I.e. some Win32 Flash version required this it seems.

I don't know why letting the plugin do so causes an overwrite of QWL_USER+4 and QWL_USER+8 slots but simply disabling this code eliminates the problem and Flash still works. Apparently some corruption somewhere (data or logic) and seems that the latest Flash doesn't need this anyway.
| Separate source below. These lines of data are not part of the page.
text \<open>Second statement: the closure of every orbit in \<open>\<complex>^d_\<Delta>\<close> contains exactly one closed orbit,
  the orbit of the truncation of \<open>z\<close> to its minimal face.  Any closed orbit \<open>A w'\<close> in the closure
  has a face index as zero set, which lies between \<open>zeros z\<close> and the minimal face index, hence
  equals the latter by minimality; then \<open>w'\<close> is in the orbit of that truncation.\<close>
lemma unique_closed_orbit_in_closure:
  fixes X :: "'d::finite \<Rightarrow> real ^ 'n::finite"
  assumes zC: "z \<in> CdDelta X lam"
  shows "\<exists>!Orb. (\<exists>w \<in> CdDelta X lam. Orb = orbit X w)
                  \<and> closedin (top_of_set (CdDelta X lam)) Orb
                  \<and> Orb \<subseteq> CdDelta X lam \<inter> closure (orbit X z)"
proof -
  obtain \<nu> where "\<nu> \<in> Delta X lam" "zeros z \<subseteq> tight X lam \<nu>" using zC CdDelta_iff by blast
  then obtain \<mu> where min: "minimal_face_point X lam (zeros z) \<mu>" by (rule minimal_face_point_exists)
  then have mu: "\<mu> \<in> Delta X lam" "zeros z \<subseteq> tight X lam \<mu>" by (auto simp: minimal_face_point_def)
  define I where "I = tight X lam \<mu>"
  define w where "w = truncate I z"
  have zw: "zeros w = I" using mu by (auto simp: w_def I_def zeros_truncate)
  have wC: "w \<in> CdDelta X lam" using zw mu by (auto simp: CdDelta_iff I_def)
  have closed_w: "closedin (top_of_set (CdDelta X lam)) (orbit X w)"
    using orbit_closed_iff[OF wC] zw mu(1) by (auto simp: face_index_iff I_def)
  have "w \<in> closure (orbit X z)"
    unfolding w_def I_def by (rule minimal_face_truncate_in_closure[OF min])
  then have sub_w: "orbit X w \<subseteq> CdDelta X lam \<inter> closure (orbit X z)"
    using orbit_subset_closure orbit_in_CdDelta[OF wC] by blast
  have "Orb = orbit X w" if w': "w' \<in> CdDelta X lam" "Orb = orbit X w'"
      and closed: "closedin (top_of_set (CdDelta X lam)) Orb"
      and sub: "Orb \<subseteq> CdDelta X lam \<inter> closure (orbit X z)" for Orb w'
  proof -
    have w'_cl: "w' \<in> closure (orbit X z)" using sub w'(2) orbit_refl by blast
    obtain \<nu>' where nu': "\<nu>' \<in> Delta X lam" "tight X lam \<nu>' = zeros w'"
      using orbit_closed_iff[OF w'(1)] closed w'(2) by (auto simp: face_index_iff)
    obtain Y where Y: "\<And>k. Y k \<in> nfrak X" "(\<lambda>k. act (Y k) z) \<longlonglongrightarrow> w'"
      using closure_orbit_sequence[OF w'_cl] by blast
    have "zeros w' \<subseteq> I" unfolding I_def using limit_zeros_in_face[OF Y mu] nu' by blast
    moreover have "zeros z \<subseteq> zeros w'" by (rule zeros_closure_orbit[OF w'_cl])
    then have "card I \<le> card (tight X lam \<nu>')"
      using min nu' unfolding minimal_face_point_def I_def by blast
    then have "card I \<le> card (zeros w')" using nu'(2) by simp
    ultimately have "zeros w' = I" by (intro card_seteq) auto
    then have "w' \<in> orbit X w" using closure_orbit_truncate[OF w'_cl] by (simp add: w_def)
    then show ?thesis using w'(2) orbit_eq by blast
  qed
  then show ?thesis using wC closed_w sub_w by (intro ex1I[of _ "orbit X w"]) blast+
qed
While it's clear why a hierarchy could be needed for the Flash plugin, it's unclear why the wrapper code wants to store the Win32 handle in QWL_USER. This is never used afterwards. Perhaps it was done back then to track if a fake window for the given OS/2 window already exists, but it's apparently not necessary any more as Odin already tracks this. I guess just removing usage of QWL_USER but leaving hierarchy creation should fix the problem too.

[dmik]

Ok, it turned out to be more complex than that. Not only Flash fucked up but Odin as well. The fake Win32 window is implemented as a subclass of a normal Win32 window in Odin. And the normal window uses OFFSET_WIN32WNDPTR and OFFSET_WIN32PM_MAGIC data slots for its machinery. These slots are set to some values at window creation and reset to 0 at destruction. The destructor of the normal window gets called when destroying the fake window because of inheritance but this destructor does not check if the window is fake before setting OFFSET_WIN32WNDPTR and OFFSET_WIN32PM_MAGIC to 0. As a result, data slots f unrelated OS/2 windows (Firefox nsWindow in this case) get cleared. Bad bad bad. Adding such a check fixes the problem. Commits to Odin/Flash will follow. After that I will do a bit of final testing and we may close this.

[dmik]

The Odin fix is here: http://trac.netlabs.org/odin32/changeset/22134.

[dmik]

The Flash fix is here: https://github.com/bitwiseworks/flashwrapper/commit/87f365269ce171eaf690f8c4dc0d4539952545b2

[dmik]

As painting works now, this may be closed.